▶ [To do]
List each line of the data that holds the word "attraction".

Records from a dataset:
------------------------------------------------------------------------
(* Let $F_0$ and $F_s$ be distribution functions, $U_r(t):=F_r^{\leftarrow}(1-1/t)=\bigl(1/(1-F_r)\bigr)^{\leftarrow}(t)$ for $t>1$, $r\in\{0,s\}$, and let $c\in\mathbb{R}$, $s\ge0$. Suppose $F_0$ is in the max-domain of attraction of $G_\gamma(x)=\exp\{-(1+\gamma x)^{-1/\gamma}\}$ for some $\gamma\in\mathbb{R}$, with a positive function $a_0$ such that $\lim_{t\to\infty}\frac{U_0(tx)-U_0(t)}{a_0(t)}=\frac{x^\gamma-1}{\gamma}$ for all $x>0$. Let $x^*:=\sup\{x:F_0(x)<1\}$. Then $$\lim_{x\uparrow x^*}\frac{1-F_s(x)}{1-F_0(x)}=e^{cs}\quad\Longleftrightarrow\quad\lim_{t\to\infty}\frac{U_s(t)-U_0(t)}{a_0(t)}=\frac{e^{c\gamma s}-1}{\gamma}.$$
   Context: $F^{\leftarrow}$ denotes the generalized (left-continuous) inverse. For $\gamma=0$, $\frac{x^\gamma-1}{\gamma}$ means $\log x$, $(1+\gamma x)^{-1/\gamma}$ means $e^{-x}$, and $\frac{e^{c\gamma s}-1}{\gamma}$ means $cs$. *)

theory Defs
  imports "HOL-Analysis.Analysis"
begin

definition distribution_function :: "(real \<Rightarrow> real) \<Rightarrow> bool" where
  "distribution_function F \<longleftrightarrow>
     mono F \<and> (\<forall>x. continuous (at_right x) F) \<and>
     (F \<longlongrightarrow> 0) at_bot \<and> (F \<longlongrightarrow> 1) at_top"

definition gen_inv :: "(real \<Rightarrow> real) \<Rightarrow> real \<Rightarrow> real" where
  "gen_inv F p = Inf {x. p \<le> F x}"

definition tail_quantile :: "(real \<Rightarrow> real) \<Rightarrow> real \<Rightarrow> real" where
  "tail_quantile F t = gen_inv F (1 - 1 / t)"

definition right_endpoint :: "(real \<Rightarrow> real) \<Rightarrow> ereal" where
  "right_endpoint F = Sup {ereal x | x. F x < 1}"

definition to_right_endpoint :: "(real \<Rightarrow> real) \<Rightarrow> real filter" where
  "to_right_endpoint F =
     (if right_endpoint F = \<infinity> then at_top else at_left (real_of_ereal (right_endpoint F)))"

definition gpd_h :: "real \<Rightarrow> real \<Rightarrow> real" where
  "gpd_h \<gamma> x = (if \<gamma> = 0 then ln x else (x powr \<gamma> - 1) / \<gamma>)"

definition shift_const :: "real \<Rightarrow> real \<Rightarrow> real \<Rightarrow> real" where
  "shift_const \<gamma> c s = (if \<gamma> = 0 then c * s else (exp (c * \<gamma> * s) - 1) / \<gamma>)"

end

theory Submission
  imports Defs
begin

text \<open>
  By the Galois relation \<open>U t \<le> x \<longleftrightarrow> 1 - 1/t \<le> F x\<close>, a bound
  \<open>m < (1 - F\<^sub>s x) / (1 - F\<^sub>0 x)\<close> for \<open>x\<close> near \<open>x\<^sup>*\<close> amounts to
  \<open>U\<^sub>0 (t m) \<le> U\<^sub>s t\<close> for large \<open>t\<close>, and similarly for upper bounds. Hence the tail ratio
  tends to \<open>\<lambda> = e\<^sup>c\<^sup>s\<close> iff \<open>U\<^sub>s t\<close> lies eventually between \<open>U\<^sub>0 (t m)\<close> and
  \<open>U\<^sub>0 (t m')\<close> for all \<open>m < \<lambda> < m'\<close>. As \<open>h(x) = (x\<^sup>\<gamma> - 1)/\<gamma>\<close> is continuous and
  strictly increasing, the same bracketing is equivalent to \<open>(U\<^sub>s t - U\<^sub>0 t) / a\<^sub>0 t \<rightarrow> h(\<lambda>)\<close>,
  and \<open>h(e\<^sup>c\<^sup>s) = (e\<^sup>c\<^sup>\<gamma>\<^sup>s - 1)/\<gamma>\<close>. Beyond this, the domain of attraction condition only
  shows that \<open>U\<^sub>0\<close> keeps increasing, i.e. that \<open>F\<^sub>0\<close> has no atom at its right endpoint.
\<close>

lemma filterlim_mult_const_at_top: "(m::real) > 0 \<Longrightarrow> filterlim (\<lambda>t. t * m) at_top at_top"
  by (rule filterlim_at_top_mult_tendsto_pos[OF tendsto_const _ filterlim_ident])

lemma gen_inv_le_iff:
  assumes df: "distribution_function F" and p: "0 < p" "p < 1"
  shows "gen_inv F p \<le> x \<longleftrightarrow> p \<le> F x"
proof -
  have m: "mono F" and rc: "\<And>x. continuous (at_right x) F"
    and l0: "(F \<longlongrightarrow> 0) at_bot" and l1: "(F \<longlongrightarrow> 1) at_top"
    using df by (auto simp: distribution_function_def)
  define S where "S = {x. p \<le> F x}"
  obtain b where b: "\<And>x. x \<le> b \<Longrightarrow> F x < p"
    using order_tendstoD(2)[OF l0 p(1)] by (auto simp: eventually_at_bot_linorder)
  have bdd: "bdd_below S"
    unfolding bdd_below_def S_def using b by (metis mem_Collect_eq not_le order.order_iff_strict)
  obtain c where "\<And>x. x \<ge> c \<Longrightarrow> p < F x"
    using order_tendstoD(1)[OF l1 p(2)] by (auto simp: eventually_at_top_linorder)
  then have ne: "S \<noteq> {}" unfolding S_def by (metis empty_iff less_imp_le mem_Collect_eq order_refl)
  have "eventually (\<lambda>y. p \<le> F y) (at_right (Inf S))"
    unfolding eventually_at_right_field
  proof (intro exI[of _ "Inf S + 1"] conjI allI impI)
    fix y assume "Inf S < y"
    then obtain s where "s \<in> S" "s < y" using cInf_less_iff[OF ne bdd] by auto
    then show "p \<le> F y" using m by (auto simp: S_def mono_def intro: order_trans)
  qed simp
  then have FInf: "p \<le> F (Inf S)"
    using rc[of "Inf S"] by (auto simp: continuous_within intro: tendsto_lowerbound)
  show ?thesis
  proof
    assume "gen_inv F p \<le> x"
    then show "p \<le> F x" using FInf m by (auto simp: gen_inv_def S_def mono_def intro: order_trans)
  next
    assume "p \<le> F x"
    then show "gen_inv F p \<le> x" using cInf_lower[OF _ bdd] by (simp add: gen_inv_def S_def)
  qed
qed

lemma tail_quantile_le_iff:
  assumes "distribution_function F" "t > 1"
  shows "tail_quantile F t \<le> x \<longleftrightarrow> 1 - 1/t \<le> F x"
  unfolding tail_quantile_def using assms by (intro gen_inv_le_iff) auto

lemma tail_quantile_mono:
  assumes df: "distribution_function F" and "1 < t" "t \<le> r"
  shows "tail_quantile F t \<le> tail_quantile F r"
proof -
  have "1 - 1/t \<le> 1 - 1/r" using assms by (simp add: frac_le)
  also have "\<dots> \<le> F (tail_quantile F r)"
    using tail_quantile_le_iff[OF df, of r "tail_quantile F r"] assms by simp
  finally show ?thesis using tail_quantile_le_iff[OF df \<open>1 < t\<close>] by simp
qed

lemma eventually_gt_tail_quantile:
  assumes df: "distribution_function F" and "F y < 1"
  shows "eventually (\<lambda>t. y < tail_quantile F t) at_top"
  using eventually_gt_at_top[of "max 1 (1 / (1 - F y))"]
proof eventually_elim
  case (elim t)
  then have "1/t < 1 - F y" using assms(2) by (auto simp: field_simps)
  then show ?case using tail_quantile_le_iff[OF df, of t y] elim by (auto simp: not_le)
qed

lemma le_right_endpoint: "F y < 1 \<Longrightarrow> ereal y \<le> right_endpoint F"
  unfolding right_endpoint_def by (rule Sup_upper) auto

lemma less_1_of_less_right_endpoint:
  assumes "distribution_function F" "ereal y < right_endpoint F" shows "F y < 1"
proof -
  obtain w where "F w < 1" "y < w"
    using assms(2) unfolding right_endpoint_def less_Sup_iff by auto
  moreover have "mono F" using assms(1) by (simp add: distribution_function_def)
  ultimately show ?thesis by (meson less_imp_le monoD order_le_less_trans)
qed

lemma right_endpoint_neq_MInf:
  assumes "distribution_function F" shows "right_endpoint F \<noteq> -\<infinity>"
proof -
  have "(F \<longlongrightarrow> 0) at_bot" using assms by (simp add: distribution_function_def)
  then obtain x where "F x < 1"
    using order_tendstoD(2)[of F 0 at_bot 1] by (auto simp: eventually_at_bot_linorder)
  then show ?thesis using le_right_endpoint[of F x] by auto
qed

lemma tail_quantile_le_right_endpoint:
  assumes df: "distribution_function F" and "t > 1"
  shows "ereal (tail_quantile F t) \<le> right_endpoint F"
proof (cases "right_endpoint F")
  case (real r)
  have "tail_quantile F t \<le> w" if "r < w" for w
  proof -
    have "\<not> F w < 1" using le_right_endpoint[of F w] real that by auto
    moreover have "1 - 1/t \<le> 1" using \<open>t > 1\<close> by simp
    ultimately have "1 - 1/t \<le> F w" by linarith
    then show ?thesis using tail_quantile_le_iff[OF df \<open>t > 1\<close>] by simp
  qed
  then show ?thesis using real by (simp add: dense_ge)
qed (use right_endpoint_neq_MInf[OF df] in auto)

lemma tail_quantile_less_right_endpointI:
  assumes df: "distribution_function F"
    and incr: "eventually (\<lambda>t. tail_quantile F t < tail_quantile F (t * x)) at_top" and "x > 1"
  shows "\<forall>t>1. ereal (tail_quantile F t) < right_endpoint F"
proof (intro allI impI)
  fix t :: real assume "t > 1"
  obtain r where "t \<le> r" "tail_quantile F r < tail_quantile F (r * x)"
    using incr unfolding eventually_at_top_linorder by (metis max.cobounded1 max.cobounded2)
  then have "ereal (tail_quantile F t) < ereal (tail_quantile F (r * x))"
    using tail_quantile_mono[OF df \<open>t > 1\<close> \<open>t \<le> r\<close>] by simp
  also have "\<dots> \<le> right_endpoint F"
    using \<open>t > 1\<close> \<open>t \<le> r\<close> \<open>x > 1\<close> by (intro tail_quantile_le_right_endpoint[OF df] less_1_mult) auto
  finally show "ereal (tail_quantile F t) < right_endpoint F" .
qed

lemma eventually_to_right_endpoint:
  assumes "distribution_function F"
  shows "eventually P (to_right_endpoint F) \<longleftrightarrow>
    (\<exists>y0. ereal y0 < right_endpoint F \<and> (\<forall>y. y0 < y \<and> ereal y < right_endpoint F \<longrightarrow> P y))"
proof (cases "right_endpoint F")
  case (real r)
  then show ?thesis by (simp add: to_right_endpoint_def eventually_at_left_field) blast
next
  case PInf
  then show ?thesis by (simp add: to_right_endpoint_def eventually_at_top_dense)
qed (use right_endpoint_neq_MInf[OF assms] in simp)

lemma eventually_tail_small_to_right_endpoint:
  assumes df: "distribution_function F"
    and no_atom: "\<forall>t>1. ereal (tail_quantile F t) < right_endpoint F" and "e > 0"
  shows "eventually (\<lambda>y. 0 < 1 - F y \<and> 1 - F y < e) (to_right_endpoint F)"
  unfolding eventually_to_right_endpoint[OF df]
proof (intro exI conjI allI impI)
  define t where "t = max 2 (2/e)"
  have "t > 1" by (simp add: t_def)
  then show "ereal (tail_quantile F t) < right_endpoint F" using no_atom by simp
  fix y assume y: "tail_quantile F t < y \<and> ereal y < right_endpoint F"
  show "0 < 1 - F y" using less_1_of_less_right_endpoint[OF df] y by simp
  have "1/t < e"
    using \<open>e > 0\<close> by (auto simp: t_def field_simps max_def)
  moreover have "1 - 1/t \<le> F y" using tail_quantile_le_iff[OF df \<open>t > 1\<close>, of y] y by simp
  ultimately show "1 - F y < e" by simp
qed

lemma filterlim_inverse_tail_to_right_endpoint:
  assumes df: "distribution_function F"
    and no_atom: "\<forall>t>1. ereal (tail_quantile F t) < right_endpoint F" and "m > 0"
  shows "filterlim (\<lambda>y. 1 / (m * (1 - F y))) at_top (to_right_endpoint F)"
proof -
  have small: "eventually (\<lambda>y. 0 < 1 - F y \<and> 1 - F y < e) (to_right_endpoint F)" if "e > 0" for e
    using eventually_tail_small_to_right_endpoint[OF df no_atom that] .
  have "((\<lambda>y. 1 - F y) \<longlongrightarrow> 0) (to_right_endpoint F)"
  proof (rule order_tendstoI)
    fix a :: real assume "a < 0"
    show "eventually (\<lambda>y. a < 1 - F y) (to_right_endpoint F)"
      using small[OF zero_less_one] by eventually_elim (use \<open>a < 0\<close> in auto)
  qed (auto elim: eventually_mono dest: small)
  then have "filterlim (\<lambda>y. m * (1 - F y)) (at_right 0) (to_right_endpoint F)"
    using small[of 1] \<open>m > 0\<close>
    by (intro tendsto_imp_filterlim_at_right) (auto intro: tendsto_mult_right_zero elim: eventually_mono)
  from filterlim_compose[OF filterlim_inverse_at_top_right this] show ?thesis
    by (simp add: inverse_eq_divide)
qed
------------------------------------------------------------------------
▶ [Solution for this task]
(* Let $F_0$ and $F_s$ be distribution functions, $U_r(t):=F_r^{\leftarrow}(1-1/t)=\bigl(1/(1-F_r)\bigr)^{\leftarrow}(t)$ for $t>1$, $r\in\{0,s\}$, and let $c\in\mathbb{R}$, $s\ge0$. Suppose $F_0$ is in the max-domain of attraction of $G_\gamma(x)=\exp\{-(1+\gamma x)^{-1/\gamma}\}$ for some $\gamma\in\mathbb{R}$, with a positive function $a_0$ such that $\lim_{t\to\infty}\frac{U_0(tx)-U_0(t)}{a_0(t)}=\frac{x^\gamma-1}{\gamma}$ for all $x>0$. Let $x^*:=\sup\{x:F_0(x)<1\}$. Then $$\lim_{x\uparrow x^*}\frac{1-F_s(x)}{1-F_0(x)}=e^{cs}\quad\Longleftrightarrow\quad\lim_{t\to\infty}\frac{U_s(t)-U_0(t)}{a_0(t)}=\frac{e^{c\gamma s}-1}{\gamma}.$$
  and \<open>h(e\<^sup>c\<^sup>s) = (e\<^sup>c\<^sup>\<gamma>\<^sup>s - 1)/\<gamma>\<close>. Beyond this, the domain of attraction condition only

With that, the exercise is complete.